I picked one up for $50 on eBay as my first n Scale engine. Since then I've gotten a line on a Digitrax Zephyr base and a DCC equipped diesel for a different layout. Now I've got to figure out if I can get a DCC in that 2-6-2


----------



## Xnats (Dec 5, 2010)

Ouch another Ebay  ModelTrainStuff has them from 29 to 44 bucks depending on road names. A 4 function like the Digitrax DZ143 should fit in the tender.
You'll love the Zephyr


----------



## NIMT (Jan 6, 2011)

I've installed sound in quite a few of them! Almost any engine can have a DCC decoder installed it's just a matter of how much work. I'm sorry I don't keep notes on installs I just do them, been doing them for so long that most of it I can do blind folded!
#1 you need to isolate the motor from everything else, and if there is a capacitor from motor lead to motor lead remove it too!
Another decoder to use is a NCE Z14SR


----------



## benjaminrogers (Feb 24, 2012)

Thanks guys. When I get the engine I'll either bring this post back or start a new one. I'll open it up and we can go from there. NIMT, I have no doubt you'll be a big help in the installation. I've also read where you have to install pickups in the tender and the decoder in there. Now remember this is N-scale also. I'd give anything to get sound in it also if possible!!


----------



## benjaminrogers (Feb 24, 2012)

Xnats, they are out of stock of the B&O engines but I'm checking out their site. Never been there before.


----------



## Conductorjoe (Dec 1, 2011)

benjaminrogers said:


> Xnats, they are out of stock of the B&O engines but I'm checking out their site. Never been there before.


Thats the same website I gave you yesterday in the track thread when you asked about locos. I posted a link for one there.


----------



## NIMT (Jan 6, 2011)

I would have to see the exact engine to be sure, but I've put sound in some pretty tiny engines!


----------



## benjaminrogers (Feb 24, 2012)

It was Joe but they were out of them when I went back! Weird. Should've taken it as a sign. I didn't really get to shop around there last night much.

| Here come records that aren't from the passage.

(* Let $G$ be a graph such that the elementary algebraic cycles of $G$ are the circuits of a matroid $M$ on $E(G)$ (the algebraic cycle matroid of $G$). Then the cocircuits of $M$ are precisely the skew cuts of $G$.
   Context: Matroids may be infinite: a matroid on $E$ is given by $\mathcal I\subseteq 2^E$ with $\emptyset\in\mathcal I$; $\mathcal I$ closed under subsets; for non-maximal $I\in\mathcal I$ and maximal $I'\in\mathcal I$ some $x\in I'\setminus I$ has $I\cup\{x\}\in\mathcal I$; and for every $I\in\mathcal I$ and $I\subseteq X\subseteq E$ the set $\{I'\in\mathcal I:I\subseteq I'\subseteq X\}$ has a maximal element. Circuits are minimal dependent sets; the dual $M^*$ has as bases the complements of bases of $M$; cocircuits of $M$ are the circuits of $M^*$. Graphs may have parallel edges and loops. The elementary algebraic cycles of $G$ are the edge sets of the finite cycles and of the double rays (two-way infinite paths) of $G$. A ray is a one-way infinite path. A cut $E(A,B)$ is the set of edges between the classes $A,B$ of a partition of $V(G)$. A side $A$ of a cut is small if the induced subgraph $G[A]$ contains no ray. A non-empty cut $F$ is skew if one of its sides is small and $F$ is minimal with this property among the non-empty cuts of $G$ (no non-empty cut properly contained in $F$ has a small side). *)

theory Defs
  imports Main
begin

definition maximal_in :: "'a set set \<Rightarrow> 'a set \<Rightarrow> bool" where
  "maximal_in S X \<longleftrightarrow> X \<in> S \<and> (\<forall>Y\<in>S. X \<subseteq> Y \<longrightarrow> Y = X)"

definition matroid :: "'e set \<Rightarrow> 'e set set \<Rightarrow> bool" where
  "matroid E \<I> \<longleftrightarrow>
     (\<forall>I\<in>\<I>. I \<subseteq> E) \<and>
     {} \<in> \<I> \<and>
     (\<forall>I\<in>\<I>. \<forall>J. J \<subseteq> I \<longrightarrow> J \<in> \<I>) \<and>
     (\<forall>I\<in>\<I>. \<forall>I'. \<not> maximal_in \<I> I \<and> maximal_in \<I> I' \<longrightarrow>
         (\<exists>x\<in>I' - I. insert x I \<in> \<I>)) \<and>
     (\<forall>I\<in>\<I>. \<forall>X. I \<subseteq> X \<and> X \<subseteq> E \<longrightarrow>
         (\<exists>J. maximal_in {I'\<in>\<I>. I \<subseteq> I' \<and> I' \<subseteq> X} J))"

definition bases :: "'e set set \<Rightarrow> 'e set set" where
  "bases \<I> = {B. maximal_in \<I> B}"

definition circuits :: "'e set \<Rightarrow> 'e set set \<Rightarrow> 'e set set" where
  "circuits E \<I> = {C. C \<subseteq> E \<and> C \<notin> \<I> \<and> (\<forall>D. D \<subset> C \<longrightarrow> D \<in> \<I>)}"

text \<open>Dual matroid: its bases are the complements of the bases of M,
  so its independent sets are the subsets of such complements.\<close>
definition dual_indep :: "'e set \<Rightarrow> 'e set set \<Rightarrow> 'e set set" where
  "dual_indep E \<I> = {J. \<exists>B\<in>bases \<I>. J \<subseteq> E - B}"

definition cocircuits :: "'e set \<Rightarrow> 'e set set \<Rightarrow> 'e set set" where
  "cocircuits E \<I> = circuits E (dual_indep E \<I>)"

text \<open>A graph is given by a vertex set V, an edge set E and a map assigning
  to each edge its set of end vertices (one end for a loop, two otherwise).\<close>
definition graph :: "'v set \<Rightarrow> 'e set \<Rightarrow> ('e \<Rightarrow> 'v set) \<Rightarrow> bool" where
  "graph V E ends \<longleftrightarrow> (\<forall>e\<in>E. ends e \<subseteq> V \<and> 1 \<le> card (ends e) \<and> card (ends e) \<le> 2)"

text \<open>Edge set of a finite cycle v_0 e_0 v_1 ... v_{n-1} e_{n-1} v_0 (n \<ge> 1;
  n = 1 gives a loop, n = 2 two parallel edges).\<close>
definition finite_cycle_edges :: "'v set \<Rightarrow> 'e set \<Rightarrow> ('e \<Rightarrow> 'v set) \<Rightarrow> 'e set \<Rightarrow> bool" where
  "finite_cycle_edges V E ends C \<longleftrightarrow>
     (\<exists>n::nat. \<exists>vs es. n \<ge> 1 \<and> inj_on vs {..<n} \<and> inj_on es {..<n} \<and>
        (\<forall>i<n. vs i \<in> V \<and> es i \<in> E \<and> ends (es i) = {vs i, vs (Suc i mod n)}) \<and>
        C = es ` {..<n})"

definition double_ray_edges :: "'v set \<Rightarrow> 'e set \<Rightarrow> ('e \<Rightarrow> 'v set) \<Rightarrow> 'e set \<Rightarrow> bool" where
  "double_ray_edges V E ends D \<longleftrightarrow>
     (\<exists>vs :: int \<Rightarrow> 'v. \<exists>es :: int \<Rightarrow> 'e. inj vs \<and> inj es \<and>
        (\<forall>i. vs i \<in> V \<and> es i \<in> E \<and> ends (es i) = {vs i, vs (i + 1)}) \<and>
        D = range es)"

definition elementary_algebraic_cycles :: "'v set \<Rightarrow> 'e set \<Rightarrow> ('e \<Rightarrow> 'v set) \<Rightarrow> 'e set set" where
  "elementary_algebraic_cycles V E ends =
     {C. finite_cycle_edges V E ends C \<or> double_ray_edges V E ends C}"
(* Let $k,r,h$ be positive integers such that $\ell=\frac{k+h}{r}$ is an integer, and let $a,b$ be positive integers with $\mathbb{F}_{2^a}\subseteq\mathbb{F}_{2^b}$. Suppose there is a set $S_1=\{\xi_1,\ldots,\xi_{r+1}\}\subseteq\mathbb{F}_{2^a}$ of size $r+1$ which is $h$-wise weakly independent over $\mathbb{F}_2$ if $h$ is even, and $(h+1)$-wise weakly independent over $\mathbb{F}_2$ if $h$ is odd. Suppose further there is a set $S_2=\{\lambda_1,\ldots,\lambda_\ell\}\subseteq\mathbb{F}_{2^b}$ of size $\ell$ that is $h$-wise independent over $\mathbb{F}_{2^a}$. Set $\alpha_{i,s}=\lambda_i\xi_s$ for $i\in[\ell]$, $s\in[r+1]$. Then the code $\mathcal{C}\subseteq\mathbb{F}_{2^b}^{\ell(r+1)}$ consisting of all $(x_{i,s})_{i\in[\ell],s\in[r+1]}$ satisfying $\sum_{i=1}^{\ell}\sum_{s=1}^{r+1}\alpha_{i,s}^{2^{j-1}}x_{i,s}=0$ for $j=1,\ldots,h$ and $\sum_{s=1}^{r+1}x_{i,s}=0$ for $i=1,\ldots,\ell$ is a maximally recoverable local $(k,r,h)$-code over $\mathbb{F}_{2^b}$, whose local groups are the sets $\{(i,s):s\in[r+1]\}$, $i\in[\ell]$.
   Context: A set $S\subseteq\mathbb{F}$ is $t$-wise weakly independent over $\mathbb{F}_2$ if no subset $T\subseteq S$ with $2\le|T|\le t$ has sum of its elements equal to $0$ (such a set may contain $0$). A set $S\subseteq\mathbb{F}$ is $t$-wise independent over a subfield $\mathbb{F}'$ if every subset of size at most $t$ is linearly independent over $\mathbb{F}'$. For positive integers $k,r,h$ with $r\mid(k+h)$, a local $(k,r,h)$-code over a finite field $\mathbb{F}$ is a linear systematic code of dimension $k$ and length $k+h+\frac{k+h}{r}$ consisting of $k$ data symbols, $h$ heavy parity symbols (each a linear combination of all data symbols), and, after partitioning the $k+h$ data and heavy symbols into groups of size $r$, one local parity per group equal to the sum of the group's symbols; a local group is such a group plus its local parity. The code is maximally recoverable if for every set $E$ of coordinates containing exactly one coordinate from each local group, puncturing the code in $E$ yields a maximum distance separable $[k+h,k]$ code (minimum distance $h+1$). *)

theory Defs
  imports Main
begin

definition is_subfield :: "'f::field set \<Rightarrow> bool" where
  "is_subfield K \<longleftrightarrow> 0 \<in> K \<and> 1 \<in> K \<and>
     (\<forall>x\<in>K. \<forall>y\<in>K. x + y \<in> K \<and> x * y \<in> K) \<and>
     (\<forall>x\<in>K. - x \<in> K) \<and> (\<forall>x\<in>K. x \<noteq> 0 \<longrightarrow> inverse x \<in> K)"

definition weakly_indep :: "'f::field set \<Rightarrow> nat \<Rightarrow> bool" where
  "weakly_indep S t \<longleftrightarrow>
     (\<forall>T. T \<subseteq> S \<and> 2 \<le> card T \<and> card T \<le> t \<longrightarrow> (\<Sum>x\<in>T. x) \<noteq> 0)"

definition lin_indep_over :: "'f::field set \<Rightarrow> 'f set \<Rightarrow> bool" where
  "lin_indep_over K T \<longleftrightarrow>
     (\<forall>c. (\<forall>x\<in>T. c x \<in> K) \<and> (\<Sum>x\<in>T. c x * x) = 0 \<longrightarrow> (\<forall>x\<in>T. c x = 0))"

definition t_wise_indep_over :: "'f::field set \<Rightarrow> 'f set \<Rightarrow> nat \<Rightarrow> bool" where
  "t_wise_indep_over K S t \<longleftrightarrow>
     (\<forall>T. T \<subseteq> S \<and> card T \<le> t \<longrightarrow> lin_indep_over K T)"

Sean I'll post pictures as soon as I get the engine in and have some time. We are getting ready to move to a much larger apartment. Actually it's half of an old Craftsmen style home.


----------



## Xnats (Dec 5, 2010)

Model Train Forum restocks stuff on a monthly basis I think. Other good online sites are Fiferhobby.com which Joe listed and Hobbylinc.com
All three are great online stores for us N Scalers. 
When you get your engine you'll have to take the shells off and give us pics to reference too. You'll have to anyway to add the decoder and isolate the motor  We'll Sean will need them  the rest of us just like pictures :laugh:


----------



## tjcruiser (Jan 10, 2010)

Xnats said:


> Model Train Forum restocks stuff on a monthly basis I think.


Huh?  We have a stockroom? We have stuff ??? And all this time, I've been lost trying to find my way to the Executive Washroom! 

You mean ModelTrainStuff, of course!

(Though I kind of wish MTF did have a stockroom of stuff to play with!)

TJ


----------



## Xnats (Dec 5, 2010)

Thanks TJ :thumbsup:


----------